------ EXERCISE DATA ------
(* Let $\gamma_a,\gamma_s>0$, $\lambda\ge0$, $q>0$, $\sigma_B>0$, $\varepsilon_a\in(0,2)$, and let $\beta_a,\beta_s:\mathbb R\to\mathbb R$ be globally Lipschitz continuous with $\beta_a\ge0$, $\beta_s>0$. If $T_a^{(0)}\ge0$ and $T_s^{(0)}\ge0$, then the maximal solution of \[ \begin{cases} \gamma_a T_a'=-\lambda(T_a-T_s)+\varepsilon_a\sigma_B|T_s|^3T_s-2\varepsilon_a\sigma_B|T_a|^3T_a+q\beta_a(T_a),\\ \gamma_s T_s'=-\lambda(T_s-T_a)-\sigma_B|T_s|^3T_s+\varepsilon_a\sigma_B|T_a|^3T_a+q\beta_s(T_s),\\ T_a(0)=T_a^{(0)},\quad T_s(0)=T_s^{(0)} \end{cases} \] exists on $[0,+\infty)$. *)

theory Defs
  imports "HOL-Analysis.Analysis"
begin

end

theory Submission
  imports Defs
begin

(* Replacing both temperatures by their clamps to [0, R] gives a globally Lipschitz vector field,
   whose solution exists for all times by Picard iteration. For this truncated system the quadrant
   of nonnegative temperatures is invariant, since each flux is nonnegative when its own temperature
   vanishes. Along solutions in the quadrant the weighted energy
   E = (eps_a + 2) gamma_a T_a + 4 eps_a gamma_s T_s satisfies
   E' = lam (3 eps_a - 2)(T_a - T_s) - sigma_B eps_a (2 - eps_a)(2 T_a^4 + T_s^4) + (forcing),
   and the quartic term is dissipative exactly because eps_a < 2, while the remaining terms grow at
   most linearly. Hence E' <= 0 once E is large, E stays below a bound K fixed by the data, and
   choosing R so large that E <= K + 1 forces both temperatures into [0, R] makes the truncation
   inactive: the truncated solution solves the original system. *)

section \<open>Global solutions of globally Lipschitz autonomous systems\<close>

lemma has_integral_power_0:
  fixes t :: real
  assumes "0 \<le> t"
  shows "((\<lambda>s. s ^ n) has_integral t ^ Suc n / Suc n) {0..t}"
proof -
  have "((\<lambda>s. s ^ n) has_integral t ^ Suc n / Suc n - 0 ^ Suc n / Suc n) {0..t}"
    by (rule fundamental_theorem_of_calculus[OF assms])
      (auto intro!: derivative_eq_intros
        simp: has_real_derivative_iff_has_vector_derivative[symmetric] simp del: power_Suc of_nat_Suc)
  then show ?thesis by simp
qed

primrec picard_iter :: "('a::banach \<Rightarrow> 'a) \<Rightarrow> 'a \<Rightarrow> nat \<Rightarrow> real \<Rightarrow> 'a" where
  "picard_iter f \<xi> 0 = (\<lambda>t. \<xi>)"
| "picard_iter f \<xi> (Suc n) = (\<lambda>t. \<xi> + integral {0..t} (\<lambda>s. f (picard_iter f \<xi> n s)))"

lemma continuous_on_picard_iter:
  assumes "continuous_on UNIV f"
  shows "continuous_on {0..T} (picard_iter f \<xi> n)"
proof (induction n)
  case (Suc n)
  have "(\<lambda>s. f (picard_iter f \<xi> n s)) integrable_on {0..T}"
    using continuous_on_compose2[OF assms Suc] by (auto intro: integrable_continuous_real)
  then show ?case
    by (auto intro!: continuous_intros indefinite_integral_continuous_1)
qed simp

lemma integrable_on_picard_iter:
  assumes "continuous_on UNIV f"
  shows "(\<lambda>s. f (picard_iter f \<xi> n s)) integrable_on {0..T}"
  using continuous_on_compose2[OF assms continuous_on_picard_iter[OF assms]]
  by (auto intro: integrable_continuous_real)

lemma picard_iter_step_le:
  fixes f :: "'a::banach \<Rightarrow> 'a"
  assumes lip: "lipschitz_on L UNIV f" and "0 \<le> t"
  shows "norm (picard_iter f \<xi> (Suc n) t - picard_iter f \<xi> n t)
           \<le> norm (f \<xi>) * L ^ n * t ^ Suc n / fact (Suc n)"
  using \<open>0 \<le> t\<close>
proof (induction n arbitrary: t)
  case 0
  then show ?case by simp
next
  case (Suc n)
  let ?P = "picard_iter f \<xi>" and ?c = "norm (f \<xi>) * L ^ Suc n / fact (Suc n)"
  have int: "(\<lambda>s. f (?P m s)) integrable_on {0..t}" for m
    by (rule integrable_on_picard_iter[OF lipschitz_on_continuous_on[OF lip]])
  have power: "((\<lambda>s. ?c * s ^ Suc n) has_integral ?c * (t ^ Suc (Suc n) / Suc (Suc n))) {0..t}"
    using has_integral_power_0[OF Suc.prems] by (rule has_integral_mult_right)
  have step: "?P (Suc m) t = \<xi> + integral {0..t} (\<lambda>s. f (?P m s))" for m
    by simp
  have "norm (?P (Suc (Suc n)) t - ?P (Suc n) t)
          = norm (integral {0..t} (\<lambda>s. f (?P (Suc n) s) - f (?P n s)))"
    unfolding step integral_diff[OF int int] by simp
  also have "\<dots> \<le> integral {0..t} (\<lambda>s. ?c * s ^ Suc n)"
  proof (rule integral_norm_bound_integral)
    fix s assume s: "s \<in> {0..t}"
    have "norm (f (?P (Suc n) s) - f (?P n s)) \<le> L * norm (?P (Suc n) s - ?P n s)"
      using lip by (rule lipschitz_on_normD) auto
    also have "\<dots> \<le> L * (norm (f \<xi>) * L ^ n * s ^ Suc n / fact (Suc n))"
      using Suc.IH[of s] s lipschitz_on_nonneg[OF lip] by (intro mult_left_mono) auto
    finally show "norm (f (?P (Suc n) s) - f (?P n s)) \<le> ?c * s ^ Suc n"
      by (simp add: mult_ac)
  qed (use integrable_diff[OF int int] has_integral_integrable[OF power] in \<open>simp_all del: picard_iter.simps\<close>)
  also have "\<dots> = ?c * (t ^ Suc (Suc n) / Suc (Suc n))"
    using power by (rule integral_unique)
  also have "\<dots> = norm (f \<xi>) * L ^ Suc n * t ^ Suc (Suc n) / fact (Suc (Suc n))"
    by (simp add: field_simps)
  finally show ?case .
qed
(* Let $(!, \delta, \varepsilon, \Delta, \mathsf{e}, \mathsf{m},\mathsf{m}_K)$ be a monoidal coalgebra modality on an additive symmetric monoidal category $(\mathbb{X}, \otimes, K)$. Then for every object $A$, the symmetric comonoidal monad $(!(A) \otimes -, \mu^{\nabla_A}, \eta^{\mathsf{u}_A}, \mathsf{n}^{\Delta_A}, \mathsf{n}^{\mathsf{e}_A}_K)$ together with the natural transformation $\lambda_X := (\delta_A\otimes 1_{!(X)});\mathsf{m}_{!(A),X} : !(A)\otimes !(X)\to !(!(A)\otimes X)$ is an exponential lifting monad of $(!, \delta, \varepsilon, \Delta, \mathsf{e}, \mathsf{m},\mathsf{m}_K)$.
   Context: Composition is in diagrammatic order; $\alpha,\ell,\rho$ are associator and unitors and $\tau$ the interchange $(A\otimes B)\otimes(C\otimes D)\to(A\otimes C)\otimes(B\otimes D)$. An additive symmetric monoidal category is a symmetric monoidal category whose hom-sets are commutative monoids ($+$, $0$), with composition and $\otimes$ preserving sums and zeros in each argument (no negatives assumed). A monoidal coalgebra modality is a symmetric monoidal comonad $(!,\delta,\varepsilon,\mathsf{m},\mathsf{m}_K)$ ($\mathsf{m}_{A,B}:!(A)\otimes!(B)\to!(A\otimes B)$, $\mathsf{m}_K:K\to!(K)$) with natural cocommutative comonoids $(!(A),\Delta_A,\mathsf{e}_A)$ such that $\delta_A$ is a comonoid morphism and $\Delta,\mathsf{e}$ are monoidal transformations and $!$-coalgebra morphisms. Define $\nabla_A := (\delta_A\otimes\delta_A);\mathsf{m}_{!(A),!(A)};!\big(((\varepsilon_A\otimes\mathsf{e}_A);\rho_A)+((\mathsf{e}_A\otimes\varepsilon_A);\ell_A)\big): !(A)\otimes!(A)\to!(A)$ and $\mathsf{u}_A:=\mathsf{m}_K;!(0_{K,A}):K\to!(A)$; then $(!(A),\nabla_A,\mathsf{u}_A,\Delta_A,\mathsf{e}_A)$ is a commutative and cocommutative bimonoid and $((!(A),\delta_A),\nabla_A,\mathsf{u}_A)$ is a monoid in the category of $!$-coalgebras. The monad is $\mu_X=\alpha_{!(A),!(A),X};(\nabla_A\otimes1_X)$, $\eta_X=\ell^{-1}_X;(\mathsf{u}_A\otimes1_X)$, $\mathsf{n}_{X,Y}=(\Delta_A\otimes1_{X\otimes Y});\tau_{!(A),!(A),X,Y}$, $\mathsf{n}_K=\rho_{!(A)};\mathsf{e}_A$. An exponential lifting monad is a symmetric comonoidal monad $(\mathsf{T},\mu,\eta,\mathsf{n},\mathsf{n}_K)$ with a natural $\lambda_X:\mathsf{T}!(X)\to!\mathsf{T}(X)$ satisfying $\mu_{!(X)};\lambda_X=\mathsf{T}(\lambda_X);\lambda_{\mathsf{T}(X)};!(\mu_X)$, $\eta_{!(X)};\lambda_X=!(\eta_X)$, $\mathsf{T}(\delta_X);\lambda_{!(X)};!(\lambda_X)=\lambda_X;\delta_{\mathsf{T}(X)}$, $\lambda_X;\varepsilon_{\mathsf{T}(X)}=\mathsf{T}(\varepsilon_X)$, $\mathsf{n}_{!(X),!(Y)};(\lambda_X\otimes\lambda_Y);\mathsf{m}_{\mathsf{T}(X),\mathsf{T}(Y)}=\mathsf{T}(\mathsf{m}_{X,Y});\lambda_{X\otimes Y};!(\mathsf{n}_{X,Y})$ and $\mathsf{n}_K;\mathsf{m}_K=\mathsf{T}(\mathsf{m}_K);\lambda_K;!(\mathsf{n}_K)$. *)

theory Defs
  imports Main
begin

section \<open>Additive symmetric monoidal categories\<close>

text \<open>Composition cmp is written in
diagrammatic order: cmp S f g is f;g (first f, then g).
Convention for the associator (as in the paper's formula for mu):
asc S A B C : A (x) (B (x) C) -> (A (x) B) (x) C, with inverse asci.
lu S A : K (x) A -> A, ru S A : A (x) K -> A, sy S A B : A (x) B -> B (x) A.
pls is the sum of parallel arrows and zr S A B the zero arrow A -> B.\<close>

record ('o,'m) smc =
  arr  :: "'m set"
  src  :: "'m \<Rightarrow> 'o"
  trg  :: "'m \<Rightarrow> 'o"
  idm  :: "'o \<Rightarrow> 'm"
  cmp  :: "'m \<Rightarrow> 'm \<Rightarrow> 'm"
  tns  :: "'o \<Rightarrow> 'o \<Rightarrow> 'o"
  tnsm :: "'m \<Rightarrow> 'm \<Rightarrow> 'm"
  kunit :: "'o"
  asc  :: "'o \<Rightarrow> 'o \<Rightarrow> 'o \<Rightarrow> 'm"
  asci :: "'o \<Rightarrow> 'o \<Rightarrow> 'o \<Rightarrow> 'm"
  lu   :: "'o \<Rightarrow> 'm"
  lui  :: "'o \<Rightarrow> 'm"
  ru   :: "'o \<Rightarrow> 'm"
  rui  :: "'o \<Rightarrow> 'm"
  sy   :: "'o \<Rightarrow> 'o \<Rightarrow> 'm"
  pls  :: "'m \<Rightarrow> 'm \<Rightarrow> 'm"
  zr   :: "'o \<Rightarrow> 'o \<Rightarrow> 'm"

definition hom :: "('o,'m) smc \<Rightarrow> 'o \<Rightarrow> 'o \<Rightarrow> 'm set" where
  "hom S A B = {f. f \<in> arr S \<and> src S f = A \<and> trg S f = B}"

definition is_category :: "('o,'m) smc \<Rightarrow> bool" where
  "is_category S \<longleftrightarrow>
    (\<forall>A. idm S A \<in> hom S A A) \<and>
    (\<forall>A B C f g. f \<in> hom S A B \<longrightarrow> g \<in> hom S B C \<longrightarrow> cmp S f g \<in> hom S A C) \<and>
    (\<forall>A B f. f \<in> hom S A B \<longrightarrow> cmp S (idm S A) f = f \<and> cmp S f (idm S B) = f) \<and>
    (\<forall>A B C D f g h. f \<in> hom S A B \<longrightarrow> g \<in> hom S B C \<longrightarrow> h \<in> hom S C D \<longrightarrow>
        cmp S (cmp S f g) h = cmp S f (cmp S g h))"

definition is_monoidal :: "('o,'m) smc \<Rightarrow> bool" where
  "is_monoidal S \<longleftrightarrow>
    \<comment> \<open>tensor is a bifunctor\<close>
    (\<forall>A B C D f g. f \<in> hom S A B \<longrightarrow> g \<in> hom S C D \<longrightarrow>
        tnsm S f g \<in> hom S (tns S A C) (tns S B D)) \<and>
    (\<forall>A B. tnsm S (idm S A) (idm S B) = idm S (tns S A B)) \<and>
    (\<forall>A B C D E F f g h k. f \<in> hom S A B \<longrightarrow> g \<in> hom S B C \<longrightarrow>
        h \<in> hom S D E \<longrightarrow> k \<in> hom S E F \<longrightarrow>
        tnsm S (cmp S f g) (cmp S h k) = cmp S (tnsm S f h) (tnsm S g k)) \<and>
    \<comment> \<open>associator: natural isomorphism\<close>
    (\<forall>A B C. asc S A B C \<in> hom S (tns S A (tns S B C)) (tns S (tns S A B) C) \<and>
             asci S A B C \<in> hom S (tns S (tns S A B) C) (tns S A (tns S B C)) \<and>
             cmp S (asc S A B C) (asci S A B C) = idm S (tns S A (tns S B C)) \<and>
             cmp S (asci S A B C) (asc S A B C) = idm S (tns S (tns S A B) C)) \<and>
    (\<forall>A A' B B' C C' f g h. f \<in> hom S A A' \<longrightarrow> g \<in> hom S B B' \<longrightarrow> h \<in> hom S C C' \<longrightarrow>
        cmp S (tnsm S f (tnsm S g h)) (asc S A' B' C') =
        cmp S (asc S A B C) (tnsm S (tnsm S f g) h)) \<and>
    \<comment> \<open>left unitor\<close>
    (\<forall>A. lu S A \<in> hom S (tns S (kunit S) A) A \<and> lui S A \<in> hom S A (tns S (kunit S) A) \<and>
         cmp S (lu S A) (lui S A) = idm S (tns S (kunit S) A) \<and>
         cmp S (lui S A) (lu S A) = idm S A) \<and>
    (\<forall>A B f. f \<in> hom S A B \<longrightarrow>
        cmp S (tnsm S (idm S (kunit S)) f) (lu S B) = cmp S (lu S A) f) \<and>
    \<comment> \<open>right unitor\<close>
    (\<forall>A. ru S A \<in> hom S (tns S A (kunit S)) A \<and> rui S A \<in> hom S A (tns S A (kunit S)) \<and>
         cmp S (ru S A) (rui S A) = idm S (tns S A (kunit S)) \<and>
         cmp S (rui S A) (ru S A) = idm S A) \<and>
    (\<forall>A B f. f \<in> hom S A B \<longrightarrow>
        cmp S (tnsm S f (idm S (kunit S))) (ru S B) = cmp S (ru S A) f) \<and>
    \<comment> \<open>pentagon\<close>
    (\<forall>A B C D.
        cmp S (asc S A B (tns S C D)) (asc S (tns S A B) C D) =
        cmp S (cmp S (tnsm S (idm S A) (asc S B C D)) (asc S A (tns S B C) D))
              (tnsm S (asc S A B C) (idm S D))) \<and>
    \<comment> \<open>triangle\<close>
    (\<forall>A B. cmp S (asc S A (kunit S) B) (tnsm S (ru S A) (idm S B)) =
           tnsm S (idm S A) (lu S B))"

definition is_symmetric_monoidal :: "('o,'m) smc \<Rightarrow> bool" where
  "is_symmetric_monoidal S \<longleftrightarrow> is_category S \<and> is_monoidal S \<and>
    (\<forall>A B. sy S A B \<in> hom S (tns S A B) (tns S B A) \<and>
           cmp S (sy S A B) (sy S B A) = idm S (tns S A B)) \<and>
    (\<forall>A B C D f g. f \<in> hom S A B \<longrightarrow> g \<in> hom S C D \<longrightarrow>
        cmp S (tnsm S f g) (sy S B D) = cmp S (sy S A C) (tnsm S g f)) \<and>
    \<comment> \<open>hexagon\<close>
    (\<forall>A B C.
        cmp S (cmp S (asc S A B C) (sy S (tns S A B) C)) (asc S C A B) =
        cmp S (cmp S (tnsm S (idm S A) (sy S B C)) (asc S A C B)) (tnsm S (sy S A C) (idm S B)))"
------
### DESCRIPTION OF THE TASK
Copy out whichever lines of the listing contain the word "truncated".

### REPLY TO THE TASK
   whose solution exists for all times by Picard iteration. For this truncated system the quadrant
   inactive: the truncated solution solves the original system. *)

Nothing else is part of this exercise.